(* In the setting of the context, assume $a_\sigma:=e_\sigma^\ast e_\sigma\in K$ for all $\sigma\in G$ and let $\mathcal N$ be the (assumed nonempty) set of unital hermitian cones on $(K,\ast)$ containing all $a_\sigma$, $\sigma\in G$. For $N\in\mathcal N$ and $\sigma\in G$ put $N_\sigma=\{(n/a_\sigma)^{\sigma^{-1}}:n\in N\}=\{k\in K: a_\sigma k^\sigma\in N\}$. Then $N_\sigma\in\mathcal N$ and $(N_\tau)_\sigma=N_{\tau\sigma}$ for all $\sigma,\tau\in G$; thus this defines an action of $G$ on $\mathcal N$.
   Context: Let $K/F$ be a finite Galois extension of fields of characteristic $0$ with Galois group $G$; write $k^\sigma$ for the image of $k$ under $\sigma$. Let $\Phi$ be a normalized $2$-cocycle $G\times G\to K\setminus\{0\}$ and $D=(K/F,\Phi)$ the crossed product: right $K$-vector space with basis $(e_\sigma)_{\sigma\in G}$, $e_{\mathrm{id}}=1$, multiplication $(\sum e_\sigma c_\sigma)(\sum e_\tau d_\tau)=\sum e_{\sigma\tau}\Phi(\sigma,\tau)c_\sigma^\tau d_\tau$ (so $ke_\sigma=e_\sigma k^\sigma$). Assume $D$ is a division algebra and $\ast$ is an involution on $D$ with $K^\ast\subseteq K$. A unital hermitian cone on a ring $R$ with involution $\ast$ is a subset $M\subseteq\{r:r^\ast=r\}$ with $1\in M$, $M+M\subseteq M$, $aMa^\ast\subseteq M$ for all $a\in R$, and $M\cap-M=\{0\}$. *)

theory Defs
  imports Main
begin

text \<open>Group elements are field automorphisms of the type 'k (the field K).
  We write k^sigma as sigma k.  The crossed-product rule k e_sigma = e_sigma k^sigma
  forces the right-action convention k^(sigma tau) = (k^sigma)^tau, i.e. the abstract
  product sigma tau corresponds to the function composition tau o sigma.\<close>

definition field_aut :: "('k::field \<Rightarrow> 'k) \<Rightarrow> bool" where
  "field_aut s \<longleftrightarrow> bij s \<and> (\<forall>x y. s (x + y) = s x + s y) \<and> (\<forall>x y. s (x * y) = s x * s y)"

text \<open>Elements of the crossed product D = (K/F, Phi): coefficient functions G -> K
  (c_sigma = x sigma), vanishing outside G.\<close>

definition cp_carrier :: "('k \<Rightarrow> 'k) set \<Rightarrow> (('k \<Rightarrow> 'k) \<Rightarrow> 'k::field) set" where
  "cp_carrier G = {x. \<forall>s. s \<notin> G \<longrightarrow> x s = 0}"

definition cp_add :: "(('k \<Rightarrow> 'k) \<Rightarrow> 'k::field) \<Rightarrow> (('k \<Rightarrow> 'k) \<Rightarrow> 'k) \<Rightarrow> (('k \<Rightarrow> 'k) \<Rightarrow> 'k)" where
  "cp_add x y = (\<lambda>r. x r + y r)"

definition cp_zero :: "('k \<Rightarrow> 'k) \<Rightarrow> 'k::field" where
  "cp_zero = (\<lambda>r. 0)"
(* Let $g$ be a nondegenerate symmetric bilinear form on $\mathbb{R}^n$, $P\subset\mathbb{R}^n$ a subspace, $R:[0,1]\to\mathcal L(\mathbb{R}^n)$ continuous, and $Y:[0,1]\to\mathbb{R}^n$ a solution of $Y''=RY$ with $g(Y,Y)<0$ on $[0,1]$. Then the map $[0,1]\ni t\mapsto F_t\in\mathcal L(\mathcal H,\widetilde{\mathcal H})$ is of class $C^1$.
   Context: $\mathcal H=\{\hat V\in H^1([0,1],\mathbb{R}^n):\hat V(0)\in P,\hat V(1)=0\}$ with the $H^1$ norm; $\widetilde{\mathcal H}=L^2([0,1],\mathbb{R})/\mathfrak C$ with $\mathfrak C$ the constant functions; $\mathcal L(\mathcal H,\widetilde{\mathcal H})$ carries the operator norm. $F_t(\hat V)(u)=g(\hat V'(u),Y(tu))-t\,g(\hat V(u),Y'(tu))+\mathfrak C$. *)

theory Defs
  imports "HOL-Analysis.Analysis"
begin

(* Elements of H^1([0,1],R^n) are represented by a pair (V, W): V is the function,
   W is a weak derivative of V, i.e. W is square integrable on [0,1] and
   V u = V 0 + int_0^u W for all u in [0,1] (V absolutely continuous with V' = W a.e.). *)
definition weak_deriv :: "(real \<Rightarrow> 'a::euclidean_space) \<Rightarrow> (real \<Rightarrow> 'a) \<Rightarrow> bool" where
  "weak_deriv V W \<longleftrightarrow>
     W measurable_on {0..1} \<and> (\<lambda>u. (norm (W u))\<^sup>2) integrable_on {0..1} \<and>
     (\<forall>u\<in>{0..1}. V u = V 0 + integral {0..u} W)"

[Exercise details] Out of the material above, gather each line where "definition" appears.

[Answer area]
definition field_aut :: "('k::field \<Rightarrow> 'k) \<Rightarrow> bool" where
definition cp_carrier :: "('k \<Rightarrow> 'k) set \<Rightarrow> (('k \<Rightarrow> 'k) \<Rightarrow> 'k::field) set" where
definition cp_add :: "(('k \<Rightarrow> 'k) \<Rightarrow> 'k::field) \<Rightarrow> (('k \<Rightarrow> 'k) \<Rightarrow> 'k) \<Rightarrow> (('k \<Rightarrow> 'k) \<Rightarrow> 'k)" where
definition cp_zero :: "('k \<Rightarrow> 'k) \<Rightarrow> 'k::field" where
definition weak_deriv :: "(real \<Rightarrow> 'a::euclidean_space) \<Rightarrow> (real \<Rightarrow> 'a) \<Rightarrow> bool" where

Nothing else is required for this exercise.